Steve Wilson

No. 79, 50
- Positions: Center, guard

Personal information
- Born: May 19, 1954 (age 72) Fort Sill, Oklahoma, U.S.
- Listed height: 6 ft 4 in (1.93 m)
- Listed weight: 265 lb (120 kg)

Career information
- High school: Southwest (GA)
- College: Georgia
- NFL draft: 1976: 5th round, 154th overall pick

Career history
- Tampa Bay Buccaneers (1976–1985);

Career NFL statistics
- Games played: 125
- Games started: 104
- Fumble recoveries: 3
- Stats at Pro Football Reference

= Steve Wilson (offensive lineman) =

American football player (born 1954)

Steve Wilson (born May 19, 1954) is an American former professional football player who was a center for the Tampa Bay Buccaneers of the National Football League (NFL) from 1976 to 1985. He played college football for the Georgia Bulldogs and was selected in the fifth round of the 1976 NFL draft. Wilson was the last original Buccaneer to retire and the only original Buc player to be a starter in each of the first 10 seasons of the franchise. All-NFC Center following the 1979 season, he was a member of an offensive line which allowed only 12 quarterback sacks in 16 games during the 1979 season.
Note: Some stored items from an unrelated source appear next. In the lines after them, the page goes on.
lemma hess_Psi_mult:
  assumes "x \<in> Psi_dom"
  shows "hess Psi x *v h = lift_adj (\<chi> i. lift h $ i / (bar x $ i)\<^sup>2)"
proof -
  define f where "f h = lift_adj (\<chi> i. lift h $ i / (bar x $ i)\<^sup>2)" for h
  have nonzero: "bar x $ i \<noteq> 0" for i
    using assms by (simp add: Psi_dom_def less_imp_neq[THEN not_sym])
  have "((\<lambda>y. - lift_adj (\<chi> i. inverse (bar y $ i))) has_derivative
      (\<lambda>h. - lift_adj (\<chi> i. - (inverse (bar x $ i) * lift h $ i * inverse (bar x $ i))))) (at x)"
    using nonzero
    by (intro derivative_intros bounded_linear.has_derivative[where f = lift_adj]
        has_derivative_vec_lambda linear_conv_bounded_linear[THEN iffD1, OF linear_lift_adj])
  moreover have "(\<lambda>h. - lift_adj (\<chi> i. - (inverse (bar x $ i) * lift h $ i * inverse (bar x $ i)))) = f"
    by (rule ext) (simp add: f_def lift_adj_def vec_eq_iff power2_eq_square divide_inverse mult.commute)
  ultimately have "((\<lambda>y. - lift_adj (\<chi> i. inverse (bar y $ i))) has_derivative f) (at x)"
    by simp
  then have "(grad Psi has_derivative f) (at x)"
    by (rule has_derivative_transform_within_open[OF _ open_Psi_dom assms])
      (simp add: grad_Psi divide_inverse)
  then have "hess Psi x = matrix f" and "linear f"
    by (rule hess_eq_matrix, rule has_derivative_linear)
  then show ?thesis
    by (simp add: f_def matrix_works linear_matrix_vector_mul_eq)
qed

lemma inner_hess_Psi:
  assumes "x \<in> Psi_dom"
  shows "h \<bullet> (hess Psi x *v h) = (\<Sum>i\<in>UNIV. (lift h $ i / bar x $ i)\<^sup>2)"
proof -
  have "h \<bullet> (hess Psi x *v h) = (\<chi> i. lift h $ i / (bar x $ i)\<^sup>2) \<bullet> lift h"
    using assms by (simp only: hess_Psi_mult inner_commute[of h] inner_lift_adj)
  then show ?thesis
    by (simp add: inner_vec_def power2_eq_square)
qed

lemma inner_hess_Psi_pos:
  assumes "x \<in> Psi_dom" and "h \<noteq> 0"
  shows "0 < h \<bullet> (hess Psi x *v h)"
proof -
  obtain i where i: "lift h $ i \<noteq> 0"
    using assms(2) lift_eq_0_iff by (metis vec_eq_iff zero_index)
  have "bar x $ i \<noteq> 0"
    using assms(1) by (simp add: Psi_dom_def less_imp_neq[THEN not_sym])
  with i show ?thesis
    unfolding inner_hess_Psi[OF assms(1)] by (intro sum_pos2[of UNIV i]) auto
qed

lemma grad_floss_square_le_hess_Psi:
  fixes r :: "real^('n::finite option)" and x w :: "real^'n"
  assumes r_nonneg: "\<forall>i. 0 \<le> r $ i" and x: "x \<in> Psi_dom" and pos: "0 < r \<bullet> bar x"
    and "0 < c" and shrink: "c * (r \<bullet> bar x) \<le> r \<bullet> bar w"
  shows "(grad (floss r) w \<bullet> h)\<^sup>2 \<le> (1 / c\<^sup>2) * (h \<bullet> (hess Psi x *v h))"
proof -
  define R where "R = r \<bullet> bar x"
  define s where "s = r \<bullet> bar w"
  define Q where "Q = h \<bullet> (hess Psi x *v h)"
  have "0 \<le> Q" by (simp add: Q_def inner_hess_Psi[OF x] sum_nonneg)
  have "0 < R" using pos by (simp add: R_def)
  with \<open>0 < c\<close> have cR: "0 < c * R" by simp
  have "c * R \<le> s" using shrink by (simp add: R_def s_def)
  with cR have "0 < s" by linarith
  have "grad (floss r) w \<bullet> h = - (r \<bullet> lift h) / s"
    using \<open>0 < s\<close> by (simp add: s_def grad_floss inner_lift_adj)
  then have "(grad (floss r) w \<bullet> h)\<^sup>2 = (r \<bullet> lift h)\<^sup>2 / s\<^sup>2"
    by (simp add: power_divide)
  also have "\<dots> \<le> R\<^sup>2 * Q / s\<^sup>2"
    using inner_square_le_weighted[OF r_nonneg, of "bar x" "lift h"] x
    by (intro divide_right_mono) (simp_all add: R_def Q_def inner_hess_Psi Psi_dom_def)
  also have "\<dots> \<le> R\<^sup>2 * Q / (c * R)\<^sup>2"
  proof (rule divide_left_mono)
    show "(c * R)\<^sup>2 \<le> s\<^sup>2" using cR \<open>c * R \<le> s\<close> by (intro power_mono) simp_all
    show "0 < s\<^sup>2 * (c * R)\<^sup>2" using \<open>0 < c\<close> \<open>0 < R\<close> \<open>0 < s\<close> by (intro mult_pos_pos) simp_all
  qed (simp add: \<open>0 \<le> Q\<close>)
  also have "\<dots> = Q / c\<^sup>2"
    using \<open>0 < R\<close> by (simp add: power_mult_distrib)
  finally show ?thesis by (simp add: Q_def)
qed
Following the 1979 season the Buc offensive line was presented with an award in Washington D.C. as "The Best Offensive Line in the NFL." During Wilson's 10-year career, the Bucs were in the playoffs following the 1979, 1981 and 1982 seasons.

Upon Wilson's retirement following the 1985 season, long time NFL player and coach, Bill "Tiger" Johnson said, "Steve is the best pass-blocking center I have ever coached".